#### TASK DESCRIPTION
Set down exactly, with nothing added, the lines from the one containing "(AE y in gauss_law X beta sig. (\<forall>j." through the end of the entries.

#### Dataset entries
theorem theorem1:
  fixes X Xk :: "real^'d^'n" and D :: "real^'d^'d"
    and beta :: "real^'d" and sig alpha :: real
  assumes n_ge: "CARD('n) \<ge> 2 * CARD('d)"
    and full_rank: "rank X = CARD('d)"
    and knock: "is_knockoff X Xk D"
    and sigma_pos: "sig > 0"
    and alpha: "0 < alpha" "alpha < 1"
  shows
    "(\<forall>ord psi. valid_impl ord psi \<longrightarrow>
        (\<exists>W. unordered_pair_prop X Xk W \<and>
             (\<forall>y. kf_rej alpha (W y) =
                  whitening_rej alpha X (Delta_of D) (omega_of X Xk D) ord psi y)))
     \<and>
     (\<forall>W. unordered_pair_prop X Xk W \<and>
          (AE y in gauss_law X beta sig. (\<forall>j. \<bar>W y $ j\<bar> > 0) \<and> inj (\<lambda>j. \<bar>W y $ j\<bar>))
        \<longrightarrow> (\<exists>ord psi. valid_impl ord psi \<and>
              (AE y in gauss_law X beta sig. kf_rej alpha (W y) =
                  whitening_rej alpha X (Delta_of D) (omega_of X Xk D) ord psi y)))"
  using knockoff_matches_whitening[OF full_rank knock] whitening_matches_knockoff[OF full_rank knock]
  by blast

end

#### RESULT BELOW
          (AE y in gauss_law X beta sig. (\<forall>j. \<bar>W y $ j\<bar> > 0) \<and> inj (\<lambda>j. \<bar>W y $ j\<bar>))
        \<longrightarrow> (\<exists>ord psi. valid_impl ord psi \<and>
              (AE y in gauss_law X beta sig. kf_rej alpha (W y) =
                  whitening_rej alpha X (Delta_of D) (omega_of X Xk D) ord psi y)))"
  using knockoff_matches_whitening[OF full_rank knock] whitening_matches_knockoff[OF full_rank knock]
  by blast

end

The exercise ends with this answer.